That is, adding dead code should not change the behavior of the
program – the code guarded by () should be able to have
any amount of junk without breaking the program, since it does not
actually execute.

Does this seem like a clearer wording of the intended semantics?

From: "Geoff Berry via llvm-dev" <llvm-dev@lists.llvm.org>
To: "llvm-dev" <llvm-dev@lists.llvm.org>
Sent: Thursday, August 25, 2016 2:23:01 PM
Subject: [llvm-dev] invariant.load metadata semantics

I'm working on enhancing EarlyCSE to use MemorySSA and have come
across the following issue due to differences in EarlyCSE and
MemorySSA's handling of !invariant.load. EarlyCSE will *not*
currently optimize the following code by replacing %x2 with %x and
removing the second load:

> B1:

> %x = load %p

> clobber()

> ...

> B2: // dominated by B1

> %x2 = load %p !invariant.load

Sanjoy (who added the !invariant.load support to EarlyCSE) and I
discussed this, and I believe we are both in agreement that this
optimization should be legal. I'd like to make sure there is
agreement on this and possibly clarify the LangRef wording on
!invariant.load to make the legality of this transformation more
clear.

Sanjoy suggested the following:

> Instead of "The existence of the !invariant.load metadata on the
> instruction tells the optimizer and code generator that the address
> operand to this load points to memory which can be assumed
> unchanged." we say "It is undefined behavior to invariant_load from
> a location that has been changed since it became dereferenceable".
> In the current langref, I find "The existence" somewhat confusing,
> since it seems to imply that adding dead code can change the
> behavior of the program.

> I don't want to specify the semantics in a way that:

> int* ptr = ...

> int k0 = *ptr; // normal load

> clobber();

> int k1 = *ptr; // normal load

> has a different meaning than

> int* ptr = ...

> int k0 = *ptr; // normal load

> clobber();

> int k1 = *ptr; // normal load

> if (<always false>) {

> int k2 = *ptr; // !invariant load

> }

> That is, adding dead code should not change the behavior of the

> program -- the code guarded by (<always false>) should be able to
> have

> any amount of junk without breaking the program, since it does not

> actually execute.

I agree.

Regarding the proposed text, I find the "since it became dereferenceable" phrase ambiguous.
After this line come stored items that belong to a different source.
(* Let $U$ and $V$ be real vector spaces with $\dim(U)=\dim(V)=2$, and let $B\colon U\times U\rightarrow V$ be a symmetric bilinear map with associated quadratic map $Q_B\colon U\rightarrow V$, $Q_B(u)=B(u,u)$. Then $Q_B$ is surjective if and only if $B$ is indefinite.
   Context: For a symmetric bilinear map $B\colon U\times U\rightarrow V$ between real vector spaces, and for each $\lambda\in V^*$, let $\lambda Q_B$ denote the real-valued quadratic form on $U$ given by $\lambda Q_B(u)=\lambda\cdot Q_B(u)$. The map $B$ is called indefinite if for each nonzero $\lambda\in V^*$, the quadratic form $\lambda Q_B$ is neither positive-semidefinite nor negative-semidefinite. *)

theory Defs
  imports "HOL-Analysis.Analysis"
begin

definition sym_bilinear :: "('u::real_vector \<Rightarrow> 'u \<Rightarrow> 'v::real_vector) \<Rightarrow> bool" where
  "sym_bilinear B \<longleftrightarrow> bilinear B \<and> (\<forall>x y. B x y = B y x)"

definition quad_map :: "('u \<Rightarrow> 'u \<Rightarrow> 'v) \<Rightarrow> 'u \<Rightarrow> 'v" where
  "quad_map B u = B u u"

definition indefinite :: "('u::real_vector \<Rightarrow> 'u \<Rightarrow> 'v::real_vector) \<Rightarrow> bool" where
  "indefinite B \<longleftrightarrow>
     (\<forall>l::'v \<Rightarrow> real. linear l \<and> l \<noteq> (\<lambda>_. 0) \<longrightarrow>
        \<not> (\<forall>u. l (quad_map B u) \<ge> 0) \<and> \<not> (\<forall>u. l (quad_map B u) \<le> 0))"

end

theory Submission
  imports Defs "HOL-Library.Quadratic_Discriminant"
begin

text \<open>If \<open>Q\<^sub>B\<close> is onto, then for a functional \<open>\<lambda>\<close> with \<open>\<lambda> v \<noteq> 0\<close> both \<open>v\<close> and \<open>-v\<close> are values,
  so \<open>\<lambda> Q\<^sub>B\<close> takes both signs. Conversely, let \<open>w \<noteq> 0\<close> and let \<open>\<kappa>\<close> be a functional with kernel
  \<open>\<real>w\<close>. The indefinite real form \<open>\<kappa> Q\<^sub>B\<close> on the plane \<open>U\<close> has a hyperbolic basis \<open>v\<^sub>1, v\<^sub>2\<close>, so
  \<open>Q\<^sub>B(v\<^sub>i) = c\<^sub>i w\<close> and \<open>\<kappa> B(v\<^sub>1, v\<^sub>2) \<noteq> 0\<close>. A functional \<open>\<phi>\<close> with \<open>\<phi> w = 1\<close> and \<open>\<phi> B(v\<^sub>1, v\<^sub>2) = 0\<close>
  satisfies \<open>\<phi> Q\<^sub>B(x v\<^sub>1 + y v\<^sub>2) = x\<^sup>2 c\<^sub>1 + y\<^sup>2 c\<^sub>2\<close>; by indefiniteness some \<open>c\<^sub>i\<close> is positive,
  and \<open>w = Q\<^sub>B(v\<^sub>i / \<surd>c\<^sub>i)\<close>.\<close>

lemma independent_card_le_dim_UNIV:
  fixes S :: "'a::real_vector set"
  assumes "dim (UNIV :: 'a set) = n" and "n \<noteq> 0" and "independent S"
  shows "card S \<le> n"
  \<comment> \<open>\<open>n \<noteq> 0\<close> excludes the junk value \<open>dim UNIV = 0\<close> of infinite-dimensional spaces.\<close>
proof -
  obtain Bs :: "'a set" where "independent Bs" "UNIV \<subseteq> span Bs" "card Bs = n"
    using basis_exists[of "UNIV :: 'a set"] unfolding assms(1) .
  moreover from \<open>card Bs = n\<close> \<open>n \<noteq> 0\<close> have "finite Bs"
    by (intro card_ge_0_finite) simp
  ultimately show ?thesis
    using independent_span_bound[of Bs S] assms(3) by blast
qed

lemma dim2_span_pair:
  fixes a b :: "'a::real_vector"
  assumes dim2: "dim (UNIV :: 'a set) = 2" and indep: "independent {a, b}" and "a \<noteq> b"
  obtains x y where "u = x *\<^sub>R a + y *\<^sub>R b"
proof -
  have "u \<in> span {a, b}"
  proof (rule ccontr)
    assume u: "u \<notin> span {a, b}"
    then have "u \<notin> {a, b}"
      using span_base by blast
    then have "card (insert u {a, b}) = 3"
      using \<open>a \<noteq> b\<close> by simp
    moreover have "card (insert u {a, b}) \<le> 2"
      using independent_card_le_dim_UNIV[OF dim2] independent_insertI[OF u indep] by simp
    ultimately show False
      by simp
  qed
  then obtain x where "u - x *\<^sub>R a \<in> span {b}"
    using span_breakdown_eq[of u a "{b}"] by auto
  then obtain y where "u - x *\<^sub>R a = y *\<^sub>R b"
    by (auto simp: span_singleton)
  then show thesis
    using that[of x y] by (simp add: algebra_simps)
qed

lemma dim2_dual_basis:
  fixes w :: "'a::real_vector"
  assumes dim2: "dim (UNIV :: 'a set) = 2" and "w \<noteq> 0"
  obtains z and f g :: "'a \<Rightarrow> real"
  where "linear f" "linear g" "f w = 1" "g w = 0" "g z = 1"
    and "\<And>v. v = f v *\<^sub>R w + g v *\<^sub>R z"
proof -
  have "\<not> UNIV \<subseteq> span {w}"
    using real_vector.dim_le_card[of UNIV "{w}"] dim2 by auto
  then obtain z where z: "z \<notin> span {w}"
    by blast
  then have wz: "w \<noteq> z"
    using span_base by blast
  have indep: "independent {w, z}"
    using independent_insertI[OF z] \<open>w \<noteq> 0\<close> by (simp add: insert_commute)
  obtain f :: "'a \<Rightarrow> real" where f: "linear f" "f w = 1" "f z = 0"
    using linear_independent_extend[OF indep, of "\<lambda>x. if x = w then 1 else 0"] wz by auto
  obtain g :: "'a \<Rightarrow> real" where g: "linear g" "g w = 0" "g z = 1"
    using linear_independent_extend[OF indep, of "\<lambda>x. if x = w then 0 else 1"] wz by auto
  have dec: "v = f v *\<^sub>R w + g v *\<^sub>R z" for v
  proof -
    obtain x y where v: "v = x *\<^sub>R w + y *\<^sub>R z"
      using dim2_span_pair[OF dim2 indep wz] .
    then have "f v = x" "g v = y"
      using f g by (simp_all add: linear_add linear_scale)
    with v show ?thesis
      by simp
  qed
  show thesis
    using that[OF f(1) g(1) f(2) g(2) g(3) dec] .
qed

lemma span_pair_shear:
  fixes a b :: "'a::real_vector"
  assumes span: "\<And>u. \<exists>x y. u = x *\<^sub>R a + y *\<^sub>R b" and "s \<noteq> t"
  shows "\<exists>x y. u = x *\<^sub>R (a + s *\<^sub>R b) + y *\<^sub>R (a + t *\<^sub>R b)"
proof -
  obtain p r where u: "u = p *\<^sub>R a + r *\<^sub>R b"
    using span by blast
  define k where "k = (r - p * s) / (t - s)"
  have "p * s + k * (t - s) = r"
    using \<open>s \<noteq> t\<close> by (simp add: k_def)
  then have "(p - k) *\<^sub>R (a + s *\<^sub>R b) + k *\<^sub>R (a + t *\<^sub>R b) = u"
    unfolding u by (simp add: algebra_simps flip: scaleR_add_left)
  then show ?thesis
    by metis
qed

lemma quad_map_zero: "bilinear B \<Longrightarrow> quad_map B 0 = 0"
  by (simp add: quad_map_def bilinear_lzero)

lemma quad_map_scaleR: "bilinear B \<Longrightarrow> quad_map B (c *\<^sub>R u) = c\<^sup>2 *\<^sub>R quad_map B u"
  by (simp add: quad_map_def bilinear_lmul bilinear_rmul power2_eq_square)

lemma quad_map_lincomb:
  assumes "sym_bilinear B"
  shows "quad_map B (x *\<^sub>R a + y *\<^sub>R b)
    = x\<^sup>2 *\<^sub>R quad_map B a + (2 * x * y) *\<^sub>R B a b + y\<^sup>2 *\<^sub>R quad_map B b"
proof -
  have bl: "bilinear B" and sym: "B b a = B a b"
    using assms by (auto simp: sym_bilinear_def)
  have "B (x *\<^sub>R a + y *\<^sub>R b) (x *\<^sub>R a + y *\<^sub>R b)
      = (x * x) *\<^sub>R B a a + (x * y) *\<^sub>R B a b + (x * y) *\<^sub>R B a b + (y * y) *\<^sub>R B b b"
    by (simp add: bilinear_ladd[OF bl] bilinear_radd[OF bl] bilinear_lmul[OF bl]
        bilinear_rmul[OF bl] sym algebra_simps)
  then show ?thesis
    by (simp add: quad_map_def power2_eq_square flip: scaleR_add_left mult_2 mult.assoc)
qed

lemma sym_bilinear_compose_linear:
  assumes "sym_bilinear B" and "linear l"
  shows "sym_bilinear (\<lambda>x y. l (B x y))"
  using assms linear_compose[of "B _" l] linear_compose[of "\<lambda>x. B x _" l]
  by (auto simp: sym_bilinear_def bilinear_def o_def)

lemma surj_quad_map_imp_indefinite:
  fixes B :: "'u::real_vector \<Rightarrow> 'u \<Rightarrow> 'v::real_vector"
  assumes "surj (quad_map B)"
  shows "indefinite B"
  unfolding indefinite_def
proof (intro allI impI)
  fix l :: "'v \<Rightarrow> real"
  assume "linear l \<and> l \<noteq> (\<lambda>_. 0)"
  then obtain v where "linear l" "l v \<noteq> 0"
    by auto
  moreover obtain u1 u2 where "quad_map B u1 = v" "quad_map B u2 = - v"
    using assms by (metis surjD)
  ultimately have "l (quad_map B u2) = - l (quad_map B u1)" "l (quad_map B u1) \<noteq> 0"
    by (simp_all add: linear_neg)
  then show "\<not> (\<forall>u. l (quad_map B u) \<ge> 0) \<and> \<not> (\<forall>u. l (quad_map B u) \<le> 0)"
    by (metis neg_0_le_iff_le neg_le_0_iff_le order.antisym)
qed

lemma opposite_signs_independent:
  fixes q :: "'a::real_vector \<Rightarrow> 'a \<Rightarrow> real"
  assumes "bilinear q" and "quad_map q u1 > 0" and "quad_map q u2 < 0"
  shows "independent {u1, u2}" and "u1 \<noteq> u2"
proof -
  have "u2 \<notin> span {u1}"
  proof
    assume "u2 \<in> span {u1}"
    then obtain k where "u2 = k *\<^sub>R u1"
      by (auto simp: span_singleton)
    then have "quad_map q u2 = k\<^sup>2 * quad_map q u1"
      using quad_map_scaleR[OF assms(1)] by simp
    with assms(2,3) show False
      by (metis zero_le_power2 zero_le_mult_iff not_le less_imp_le)
  qed
  moreover have "u1 \<noteq> 0"
    using assms(2) quad_map_zero[OF assms(1)] by auto
  ultimately show "independent {u1, u2}" and "u1 \<noteq> u2"
    using independent_insertI[of u2 "{u1}"] span_base[of u1 "{u1}"]
    by (auto simp: insert_commute)
qed

lemma indefinite_form_hyperbolic_basis:
  fixes q :: "'a::real_vector \<Rightarrow> 'a \<Rightarrow> real"
  assumes dim2: "dim (UNIV :: 'a set) = 2" and q: "sym_bilinear q"
    and pos: "quad_map q u1 > 0" and neg: "quad_map q u2 < 0"
  obtains v1 v2 where "quad_map q v1 = 0" and "quad_map q v2 = 0" and "q v1 v2 \<noteq> 0"
    and "\<And>u. \<exists>x y. u = x *\<^sub>R v1 + y *\<^sub>R v2"
proof -
  have bl: "bilinear q"
    using q by (simp add: sym_bilinear_def)
  have span: "\<exists>x y. u = x *\<^sub>R u1 + y *\<^sub>R u2" for u
    using dim2_span_pair[OF dim2 opposite_signs_independent[OF bl pos neg]] by metis
  let ?a = "quad_map q u2" and ?b = "2 * q u1 u2" and ?c = "quad_map q u1"
  have "discrim ?a ?b ?c > 0"
    using mult_neg_pos[OF neg pos] by (simp add: discrim_def) (meson less_le_trans zero_le_power2)
  then obtain s t where "s \<noteq> t" and roots: "?a * s\<^sup>2 + ?b * s + ?c = 0" "?a * t\<^sup>2 + ?b * t + ?c = 0"
    using discriminant_pos_ex neg by (metis less_irrefl)
  have along_line: "quad_map q (u1 + r *\<^sub>R u2) = ?a * r\<^sup>2 + ?b * r + ?c" for r
    using quad_map_lincomb[OF q, of 1 u1 r u2] by (simp add: algebra_simps)
  define v1 where "v1 = u1 + s *\<^sub>R u2"
  define v2 where "v2 = u1 + t *\<^sub>R u2"
  have span_v: "\<exists>x y. u = x *\<^sub>R v1 + y *\<^sub>R v2" for u
    unfolding v1_def v2_def using span_pair_shear[OF span \<open>s \<noteq> t\<close>] .
  have iso: "quad_map q v1 = 0" "quad_map q v2 = 0"
    using along_line roots by (simp_all add: v1_def v2_def)
  obtain x y where "u1 = x *\<^sub>R v1 + y *\<^sub>R v2"
    using span_v by blast
  then have "quad_map q u1 = 2 * x * y * q v1 v2"
    using quad_map_lincomb[OF q, of x v1 y v2] iso by simp
  with pos have "q v1 v2 \<noteq> 0"
    by auto
  with iso span_v show thesis
    using that by blast
qed

lemma separating_functional:
  fixes \<mu> \<kappa> :: "'a::real_vector \<Rightarrow> real"
  assumes "linear \<mu>" "linear \<kappa>" "\<mu> w = 1" "\<kappa> w = 0" "\<kappa> e \<noteq> 0"
  obtains \<phi> :: "'a \<Rightarrow> real"
  where "linear \<phi>" "\<phi> w = 1" "\<phi> e = 0" "\<And>v. \<kappa> v = 0 \<Longrightarrow> \<phi> v = \<mu> v"
proof
  show "linear (\<lambda>v. \<mu> v - \<mu> e / \<kappa> e * \<kappa> v)"
    by (rule linearI) (simp_all add: assms(1,2) linear_add linear_scale algebra_simps add_divide_distrib)
qed (use assms in auto)

lemma indefinite_positive_on_spanning_pair:
  fixes B :: "'u::real_vector \<Rightarrow> 'u \<Rightarrow> 'v::real_vector" and \<phi> :: "'v \<Rightarrow> real"
  assumes ind: "indefinite B" and B: "sym_bilinear B"
    and span: "\<And>u. \<exists>x y. u = x *\<^sub>R v1 + y *\<^sub>R v2"
    and \<phi>: "linear \<phi>" "\<phi> \<noteq> (\<lambda>_. 0)" and "\<phi> (B v1 v2) = 0"
  shows "\<phi> (quad_map B v1) > 0 \<or> \<phi> (quad_map B v2) > 0"
proof (rule ccontr)
  assume "\<not> ?thesis"
  then have v1: "\<phi> (quad_map B v1) \<le> 0" and v2: "\<phi> (quad_map B v2) \<le> 0"
    by auto
  have "\<phi> (quad_map B u) \<le> 0" for u
  proof -
    obtain x y where "u = x *\<^sub>R v1 + y *\<^sub>R v2"
      using span by blast
    then have "\<phi> (quad_map B u) = x\<^sup>2 * \<phi> (quad_map B v1) + y\<^sup>2 * \<phi> (quad_map B v2)"
      using quad_map_lincomb[OF B] \<open>\<phi> (B v1 v2) = 0\<close> by (simp add: linear_add[OF \<phi>(1)] linear_scale[OF \<phi>(1)])
    also have "\<dots> \<le> 0"
      using v1 v2 by (simp add: add_nonpos_nonpos mult_nonneg_nonpos)
    finally show ?thesis .
  qed
  with ind \<phi> show False
    unfolding indefinite_def by blast
qed

lemma quad_map_scaled_in_range:
  assumes "bilinear B" and "k > 0" and "quad_map B v = k *\<^sub>R w"
  shows "w \<in> range (quad_map B)"
proof -
  have "quad_map B ((1 / sqrt k) *\<^sub>R v) = w"
    using assms by (simp add: quad_map_scaleR power_divide)
  then show ?thesis
    by (metis rangeI)
qed

lemma indefinite_imp_surj_quad_map:
  fixes B :: "'u::real_vector \<Rightarrow> 'u \<Rightarrow> 'v::real_vector"
  assumes dimU: "dim (UNIV :: 'u set) = 2" and dimV: "dim (UNIV :: 'v set) = 2"
    and B: "sym_bilinear B" and ind: "indefinite B"
  shows "surj (quad_map B)"
proof -
  have bl: "bilinear B"
    using B by (simp add: sym_bilinear_def)
  have "w \<in> range (quad_map B)" for w
  proof (cases "w = 0")
    case True
    then show ?thesis
      using quad_map_zero[OF bl] by (metis rangeI)
  next
    case False
    obtain z and \<mu> \<kappa> :: "'v \<Rightarrow> real" where lin: "linear \<mu>" "linear \<kappa>"
      and "\<mu> w = 1" "\<kappa> w = 0" "\<kappa> z = 1" and dec: "\<And>v. v = \<mu> v *\<^sub>R w + \<kappa> v *\<^sub>R z"
      using dim2_dual_basis[OF dimV False] by metis
    have "\<kappa> \<noteq> (\<lambda>_. 0)"
      using \<open>\<kappa> z = 1\<close> by force
    then obtain u1 u2 where "\<kappa> (quad_map B u1) > 0" "\<kappa> (quad_map B u2) < 0"
      using ind lin(2) unfolding indefinite_def by (meson not_le)
    then obtain v1 v2 where iso: "\<kappa> (quad_map B v1) = 0" "\<kappa> (quad_map B v2) = 0"
      and "\<kappa> (B v1 v2) \<noteq> 0" and span: "\<And>u. \<exists>x y. u = x *\<^sub>R v1 + y *\<^sub>R v2"
      using indefinite_form_hyperbolic_basis[OF dimU sym_bilinear_compose_linear[OF B lin(2)]]
      unfolding quad_map_def by metis
    have on_line: "quad_map B v = \<mu> (quad_map B v) *\<^sub>R w" if "\<kappa> (quad_map B v) = 0" for v
      using dec[of "quad_map B v"] that by simp
    obtain \<phi> :: "'v \<Rightarrow> real" where "linear \<phi>" "\<phi> w = 1" "\<phi> (B v1 v2) = 0"
      and \<phi>_eq: "\<And>v. \<kappa> v = 0 \<Longrightarrow> \<phi> v = \<mu> v"
      using separating_functional[OF lin \<open>\<mu> w = 1\<close> \<open>\<kappa> w = 0\<close> \<open>\<kappa> (B v1 v2) \<noteq> 0\<close>] by blast
    moreover from \<open>\<phi> w = 1\<close> have "\<phi> \<noteq> (\<lambda>_. 0)"
      by force
    ultimately have "\<phi> (quad_map B v1) > 0 \<or> \<phi> (quad_map B v2) > 0"
      using indefinite_positive_on_spanning_pair[OF ind B span] by blast
    then show ?thesis
      using quad_map_scaled_in_range[OF bl] on_line iso \<phi>_eq by metis
  qed
  then show ?thesis
    by blast
qed

theorem proposition1p3:
  fixes B :: "'u::real_vector \<Rightarrow> 'u \<Rightarrow> 'v::real_vector"
  assumes "dim (UNIV :: 'u set) = 2"
    and "dim (UNIV :: 'v set) = 2"
    and "sym_bilinear B"
  shows "surj (quad_map B) \<longleftrightarrow> indefinite B"
  using surj_quad_map_imp_indefinite indefinite_imp_surj_quad_map[OF assms] by blast

end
Further, I think we can say something stronger: Storing into a location previously loaded using a load tagged with !invariant.load is undefined behavior.

-Hal

Hi Hal,

> I agree.
>
> Regarding the proposed text, I find the "since it became
> dereferenceable" phrase ambiguous. Further, I think we can say something
> stronger: Storing into a location previously loaded using a load tagged
> with !invariant.load is undefined behavior.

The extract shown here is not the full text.